I reckon robust fundamentals and attractive valuations make Lloyds (LSE: LLOY), Legal & General (LSE: LGEN) and Schroders (LSE: SDR) attractive blue-chip buys right now. Of course, there’s the small matter of tomorrow’s referendum — but I’ll come to that after looking at the three businesses.
Lloyds
Lloyds’ efficiency and profits mark it out as a cut above the UK’s other big banks. Last year’s underlying return on equity of 15%, pre-tax profit of £8.1bn and earnings per share of 8.5p were impressive.
The shares have made a bit of ground this week, having been on the decline since late May, but nevertheless are 20% down from their 52-week high, putting the company on a bargain basement price-to-earnings (P/E) ratio of 8.3.
In addition to its earnings power, the Black Horse is the UK’s strongest big bank and among the strongest in Europe, with a common equity tier 1 (CET1) ratio of 13%. Last year’s stress test by the Prudential Regulation Authority — which assumed a 20% fall in house prices, a 30% crash in commercial property and unemployment peaking at over 9% — estimated Lloyds’ CET1 at 9.5% in the trough of the stress, well above the safety threshold of 4.5%.
That test — a pretty extreme scenario — assumed a suspension of Lloyds’ dividend.
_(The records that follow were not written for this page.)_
(* For any Boolean formulas $\alpha$ and $\beta$, $\alpha\vDash_{CQC}\beta$ if and only if $\beta$ is a logical consequence of $\alpha$ in classical sentential logic.
   Context: $\mathcal H^{(n)}=(\mathbb C^2)^{\otimes n}$ with canonical basis $|x_1,\dots,x_n\rangle$ ($x_i\in\{0,1\}$, $|0\rangle=(1,0)$, $|1\rangle=(0,1)$); a canonical register is a canonical basis vector, identified with its projection; $\mathfrak D(\mathcal H^{(n)})$ is the set of density operators. $P_1^{(n)}$ (resp. $P_0^{(n)}$) is the projection onto the span of the basis vectors with $x_n=1$ (resp. $0$); $\mathtt p(\rho)=\mathrm{tr}(P_1^{(n)}\rho)$; $\rho\preceq\sigma$ iff $\mathtt p(\rho)\le\mathtt p(\sigma)$. $Red^{(j)}_{[n_1,\dots,n_t]}(\rho)$ is the reduced state on the $j$-th factor of $\mathcal H^{(n_1)}\otimes\cdots\otimes\mathcal H^{(n_t)}$. Gates (on the canonical basis, extended linearly; $\oplus$ addition mod 2): $\mathtt{NOT}^{(n)}|x_1..x_n\rangle=|x_1..x_{n-1}\rangle\otimes|1-x_n\rangle$; $\mathtt{XOR}^{(m,n)}|x_1..x_m,y_1..y_n\rangle=|x_1..x_m,y_1..y_{n-1}\rangle\otimes|x_m\oplus y_n\rangle$; $\mathtt T^{(m,n,p)}|x_1..x_m,y_1..y_n,z_1..z_p\rangle=|x_1..x_m,y_1..y_n,z_1..z_{p-1}\rangle\otimes|x_my_n\oplus z_p\rangle$; a gate $G$ acts on density operators by $\rho\mapsto G\rho G^\dagger$. Boolean formulas: built from atomic formulas (including distinguished atoms $\mathbf t,\mathbf f$) using $\lnot$ (unary), $\uplus$ (binary), $\intercal$ (ternary); abbreviations $\alpha\land\beta:=\intercal(\alpha,\beta,\mathbf f)$, $\alpha\lor\beta:=\lnot(\lnot\alpha\land\lnot\beta)$. $At(\alpha)$ = number of atomic occurrences in $\alpha$. Syntactical tree: $Level_1^\alpha=(\alpha)$; $Level_{i+1}^\alpha$ is obtained from $Level_i^\alpha=(\beta_1,\dots,\beta_r)$ by replacing each non-atomic $\beta_j$ by its arguments (in order) and keeping atomic $\beta_j$; the last level $Level_h^\alpha$ lists all atomic occurrences; $\mathcal H^{(At\alpha)}=\bigotimes_j\mathcal H^{(At\beta_j)}$. The gate $G^\alpha_{(i)}$ ($1\le i<h$) is the tensor product over $j$ of: identity of $\mathbb C^2$ if $\beta_j$ atomic; $\mathtt{NOT}^{(At\beta)}$ if $\beta_j=\lnot\beta$; $\mathtt{XOR}^{(At\beta',At\beta'')}$ if $\beta_j=\beta'\uplus\beta''$; $\mathtt T^{(At\beta',At\beta'',At\beta''')}$ if $\beta_j=\intercal(\beta',\beta'',\beta''')$. A classical quantum computational model is a map $\mathtt{Hol}$, defined on Boolean formulas only, assigning to each level $Level_i^\alpha$ a qumix in $\mathfrak D(\mathcal H^{(At\alpha)})$, such that: the top level $Level_h^\alpha$ receives (the projection of) a canonical register; $\mathtt{Hol}(Level_i^\alpha)=G^\alpha_{(i)}\mathtt{Hol}(Level_{i+1}^\alpha)G^{\alpha\dagger}_{(i)}$; (normality) for each $\gamma$, with the contextual meaning of the occurrence $\beta_j$ in $Level_i^\gamma=(\beta_1,\dots,\beta_r)$ defined as $Red^{(j)}_{[At\beta_1,\dots,At\beta_r]}(\mathtt{Hol}(Level_i^\gamma))$, all occurrences of the same subformula $\beta$ in the tree of $\gamma$ have the same contextual meaning $\mathtt{Hol}^\gamma(\beta)$; every occurrence of $\mathbf f$ (resp. $\mathbf t$) has contextual meaning $P_0^{(1)}$ (resp. $P_1^{(1)}$). $\alpha\vDash_{CQC}\beta$ iff for every Boolean formula $\gamma$ having $\alpha$ and $\beta$ as subformulas and every classical quantum computational model $\mathtt{Hol}$, $\mathtt{Hol}^\gamma(\alpha)\preceq\mathtt{Hol}^\gamma(\beta)$. In classical sentential logic, Boolean formulas are interpreted with $\mathbf t$ true, $\mathbf f$ false, $\lnot$ negation, $\uplus$ exclusive disjunction and $\intercal(\alpha,\beta,\delta)$ as $(\alpha\wedge\beta)\oplus\delta$ (exclusive disjunction of the conjunction of $\alpha,\beta$ with $\delta$). *)

theory Defs
  imports Complex_Main
begin

text \<open>Neg is the unary connective, Xor the binary exclusive
  disjunction, Tof the ternary Toffoli connective.\<close>

datatype bform = Var nat | TT | FF | Neg bform | Xor bform bform | Tof bform bform bform

fun At :: "bform \<Rightarrow> nat" where
  "At (Neg a) = At a"
| "At (Xor a b) = At a + At b"
| "At (Tof a b c) = At a + At b + At c"
| "At _ = 1"

fun expand :: "bform \<Rightarrow> bform list" where
  "expand (Neg a) = [a]"
| "expand (Xor a b) = [a, b]"
| "expand (Tof a b c) = [a, b, c]"
| "expand a = [a]"

fun depth :: "bform \<Rightarrow> nat" where
  "depth (Neg a) = Suc (depth a)"
| "depth (Xor a b) = Suc (max (depth a) (depth b))"
| "depth (Tof a b c) = Suc (max (depth a) (max (depth b) (depth c)))"
| "depth _ = 0"

text \<open>Levels of the syntactical tree, 0-indexed: level a i is the paper's Level_(i+1);
  the levels are level a 0, ..., level a (depth a), the last one listing all atomic
  occurrences (so the paper's height h is depth a + 1).\<close>
fun level :: "bform \<Rightarrow> nat \<Rightarrow> bform list" where
  "level a 0 = [a]"
| "level a (Suc i) = concat (map expand (level a i))"

fun subformulas :: "bform \<Rightarrow> bform set" where
  "subformulas (Neg a) = insert (Neg a) (subformulas a)"
| "subformulas (Xor a b) = insert (Xor a b) (subformulas a \<union> subformulas b)"
| "subformulas (Tof a b c) = insert (Tof a b c) (subformulas a \<union> subformulas b \<union> subformulas c)"
| "subformulas a = {a}"

text \<open>An operator on H^(n) is represented by its matrix w.r.t. the canonical basis,
  indexed by bit strings (bool lists of length n; True = 1). Tensor products of
  basis vectors correspond to list concatenation.\<close>

type_synonym qop = "bool list \<Rightarrow> bool list \<Rightarrow> complex"

definition Bits :: "nat \<Rightarrow> bool list set" where
  "Bits n = {xs. length xs = n}"

definition density :: "nat \<Rightarrow> qop \<Rightarrow> bool" where
  "density n \<rho> \<longleftrightarrow>
     (\<forall>x y. (x \<notin> Bits n \<or> y \<notin> Bits n) \<longrightarrow> \<rho> x y = 0)
   \<and> (\<forall>x y. \<rho> y x = cnj (\<rho> x y))
   \<and> (\<forall>v :: bool list \<Rightarrow> complex.
        0 \<le> Re (\<Sum>x\<in>Bits n. \<Sum>y\<in>Bits n. cnj (v x) * \<rho> x y * v y))
   \<and> (\<Sum>x\<in>Bits n. \<rho> x x) = 1"

definition proj_reg :: "bool list \<Rightarrow> qop" where
  "proj_reg r = (\<lambda>x y. if x = r \<and> y = r then 1 else 0)"

definition canonical_register :: "nat \<Rightarrow> qop \<Rightarrow> bool" where
  "canonical_register n \<rho> \<longleftrightarrow> (\<exists>r\<in>Bits n. \<rho> = proj_reg r)"

definition P0_1 :: qop where "P0_1 = proj_reg [False]"
definition P1_1 :: qop where "P1_1 = proj_reg [True]"

text \<open>p(rho) = tr(P_1^(n) rho) (real for density operators).\<close>
definition prob :: "nat \<Rightarrow> qop \<Rightarrow> real" where
  "prob n \<rho> = Re (\<Sum>x\<in>{x\<in>Bits n. last x}. \<rho> x x)"

definition preceq :: "nat \<Rightarrow> nat \<Rightarrow> qop \<Rightarrow> qop \<Rightarrow> bool" where
  "preceq n m \<rho> \<sigma> \<longleftrightarrow> prob n \<rho> \<le> prob m \<sigma>"

text \<open>Reduced state on the j-th factor (0-indexed) of H^(n_1) (x) ... (x) H^(n_t),
  i.e. the partial trace over all the other factors.\<close>
definition Red :: "nat list \<Rightarrow> nat \<Rightarrow> qop \<Rightarrow> qop" where
  "Red ns j \<rho> = (\<lambda>x y. \<Sum>p\<in>Bits (sum_list (take j ns)). \<Sum>q\<in>Bits (sum_list (drop (Suc j) ns)).
                        \<rho> (p @ x @ q) (p @ y @ q))"

text \<open>Basis maps of the gates (NOT^(n), XOR^(m,n), T^(m,n,p)).\<close>
definition NOTg :: "bool list \<Rightarrow> bool list" where
  "NOTg xs = butlast xs @ [\<not> last xs]"

definition XORg :: "nat \<Rightarrow> bool list \<Rightarrow> bool list" where
  "XORg m xs = butlast xs @ [xs ! (m - 1) \<noteq> last xs]"

definition TOFg :: "nat \<Rightarrow> nat \<Rightarrow> bool list \<Rightarrow> bool list" where
  "TOFg m n xs = butlast xs @ [(xs ! (m - 1) \<and> xs ! (m + n - 1)) \<noteq> last xs]"

fun gate_of :: "bform \<Rightarrow> bool list \<Rightarrow> bool list" where
  "gate_of (Neg a) = NOTg"
| "gate_of (Xor a b) = XORg (At a)"
| "gate_of (Tof a b c) = TOFg (At a) (At b)"
| "gate_of _ = id"

text \<open>Basis map of G_(i): tensor product of the gates of the formulas of a level.\<close>
fun level_gate :: "bform list \<Rightarrow> bool list \<Rightarrow> bool list" where
  "level_gate [] xs = []"
| "level_gate (b # bs) xs = gate_of b (take (At b) xs) @ level_gate bs (drop (At b) xs)"

definition gate_matrix :: "(bool list \<Rightarrow> bool list) \<Rightarrow> qop" where
  "gate_matrix g = (\<lambda>x y. if x = g y then 1 else 0)"

definition apply_gate :: "nat \<Rightarrow> (bool list \<Rightarrow> bool list) \<Rightarrow> qop \<Rightarrow> qop" where
  "apply_gate n g \<rho> = (\<lambda>x y. \<Sum>u\<in>Bits n. \<Sum>v\<in>Bits n.
       gate_matrix g x u * \<rho> u v * cnj (gate_matrix g y v))"

text \<open>Hol g i is the qumix assigned to level i (0-indexed) of the tree of g.\<close>
type_synonym holmap = "bform \<Rightarrow> nat \<Rightarrow> qop"

definition occurs :: "bform \<Rightarrow> bform \<Rightarrow> nat \<Rightarrow> nat \<Rightarrow> bool" where
  "occurs g b i j \<longleftrightarrow> i \<le> depth g \<and> j < length (level g i) \<and> level g i ! j = b"

definition ctx_meaning :: "holmap \<Rightarrow> bform \<Rightarrow> nat \<Rightarrow> nat \<Rightarrow> qop" where
  "ctx_meaning Hol g i j = Red (map At (level g i)) j (Hol g i)"

definition cqc_model :: "holmap \<Rightarrow> bool" where
  "cqc_model Hol \<longleftrightarrow> (\<forall>g.
      (\<forall>i\<le>depth g. density (At g) (Hol g i))
    \<and> canonical_register (At g) (Hol g (depth g))
    \<and> (\<forall>i<depth g. Hol g i = apply_gate (At g) (level_gate (level g i)) (Hol g (Suc i)))
    \<and> (\<forall>b i j i' j'. occurs g b i j \<and> occurs g b i' j' \<longrightarrow>
          ctx_meaning Hol g i j = ctx_meaning Hol g i' j')
    \<and> (\<forall>i j. occurs g FF i j \<longrightarrow> ctx_meaning Hol g i j = P0_1)
    \<and> (\<forall>i j. occurs g TT i j \<longrightarrow> ctx_meaning Hol g i j = P1_1))"

text \<open>Contextual meaning Hol^g(b) of a subformula b of g (well defined by normality).\<close>
definition hol_meaning :: "holmap \<Rightarrow> bform \<Rightarrow> bform \<Rightarrow> qop" where
  "hol_meaning Hol g b = (SOME \<rho>. \<exists>i j. occurs g b i j \<and> \<rho> = ctx_meaning Hol g i j)"

definition cqc_entails :: "bform \<Rightarrow> bform \<Rightarrow> bool" where
  "cqc_entails a b \<longleftrightarrow> (\<forall>g Hol. a \<in> subformulas g \<and> b \<in> subformulas g \<and> cqc_model Hol \<longrightarrow>
      preceq (At a) (At b) (hol_meaning Hol g a) (hol_meaning Hol g b))"

fun eval :: "(nat \<Rightarrow> bool) \<Rightarrow> bform \<Rightarrow> bool" where
  "eval v (Var k) = v k"
| "eval v TT = True"
| "eval v FF = False"
| "eval v (Neg a) = (\<not> eval v a)"
| "eval v (Xor a b) = (eval v a \<noteq> eval v b)"
| "eval v (Tof a b c) = ((eval v a \<and> eval v b) \<noteq> eval v c)"

definition classical_consequence :: "bform \<Rightarrow> bform \<Rightarrow> bool" where
  "classical_consequence a b \<longleftrightarrow> (\<forall>v. eval v a \<longrightarrow> eval v b)"

end

theory Submission
  imports Defs
begin

text \<open>Every canonical register is mapped by the gates of a formula tree to a canonical
  register, and partial traces of canonical registers are canonical registers. Hence the
  top level of a model (a canonical register whose atomic blocks are forced by normality
  to be consistent) determines a valuation v, and then every level, and therefore every
  contextual meaning, is the canonical register obtained by classically computing the
  formulas under v. The contextual meaning of a subformula c is then the register whose
  last bit is the truth value of c, so its probability is 1 or 0 according as c is true
  or false under v. Conversely every valuation yields such a model.\<close>

lemma At_pos [simp]: "0 < At b"
  by (induction b) auto

fun register :: "(nat \<Rightarrow> bool) \<Rightarrow> bform \<Rightarrow> bool list" where
  "register v (Var k) = [v k]"
| "register v TT = [True]"
| "register v FF = [False]"
| "register v (Neg a) = NOTg (register v a)"
| "register v (Xor a b) = XORg (At a) (register v a @ register v b)"
| "register v (Tof a b c) = TOFg (At a) (At b) (register v a @ register v b @ register v c)"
While I don’t see such a disaster round the corner, there could be bumps in the road that mean the dividend might not be quite as high as analyst forecasts of a 6.2% yield, rising to 7.2% next year.
Legal & General
Insurer Legal & General has a solid regulatory capital surplus and a strong business model, delivering annual earnings growth of around 10%. The shares haven’t been quite as badly hit by market jitters as Lloyds’, but are still down 17% from their 52-week high.
Legal & General now trades on a current-year forecast P/E of 11.3, falling to 10.3 for 2017. Combine these inexpensive earnings ratings with forecast dividend yields of 6.3% rising to 6.7%, and this is another strong financial business with an attractive valuation.
Schroders
Asset manager Schroders has a long history of prudent management, built on a robust balance sheet. The company culture has produced an excellent dividend record, even through the financial crisis.
The shares are down 22% from their 52-week high and trade on a P/E of 14.7 with a dividend yield of 3.3%. However, if you buy the company’s non-voting shares (ticker SDRC), which trade at a discount to the voting shares, the P/E falls to 11.1 and the yield rises to 4.4%.
Referendum
It’s widely expected that the stock market will fall on a Leave vote and rally on a Remain vote. A poll of polls in the Telegraph today has the vote split 50:50. However, the weight of money with bookmakers and betting exchanges is strongly suggesting a Remain result. As I write, the odds on Remain are around 3/10 and on Leave 3/1.
I prefer money as a predictor to opinion polls (history’s on my side), and I reckon strong businesses, such as Lloyds, L&G and Schroders, are well-worth buying today. Keeping some cash in reserve, or a bit of hedging with the bookies on Leave at 3/1, could mitigate against the vote going Brexit’s way.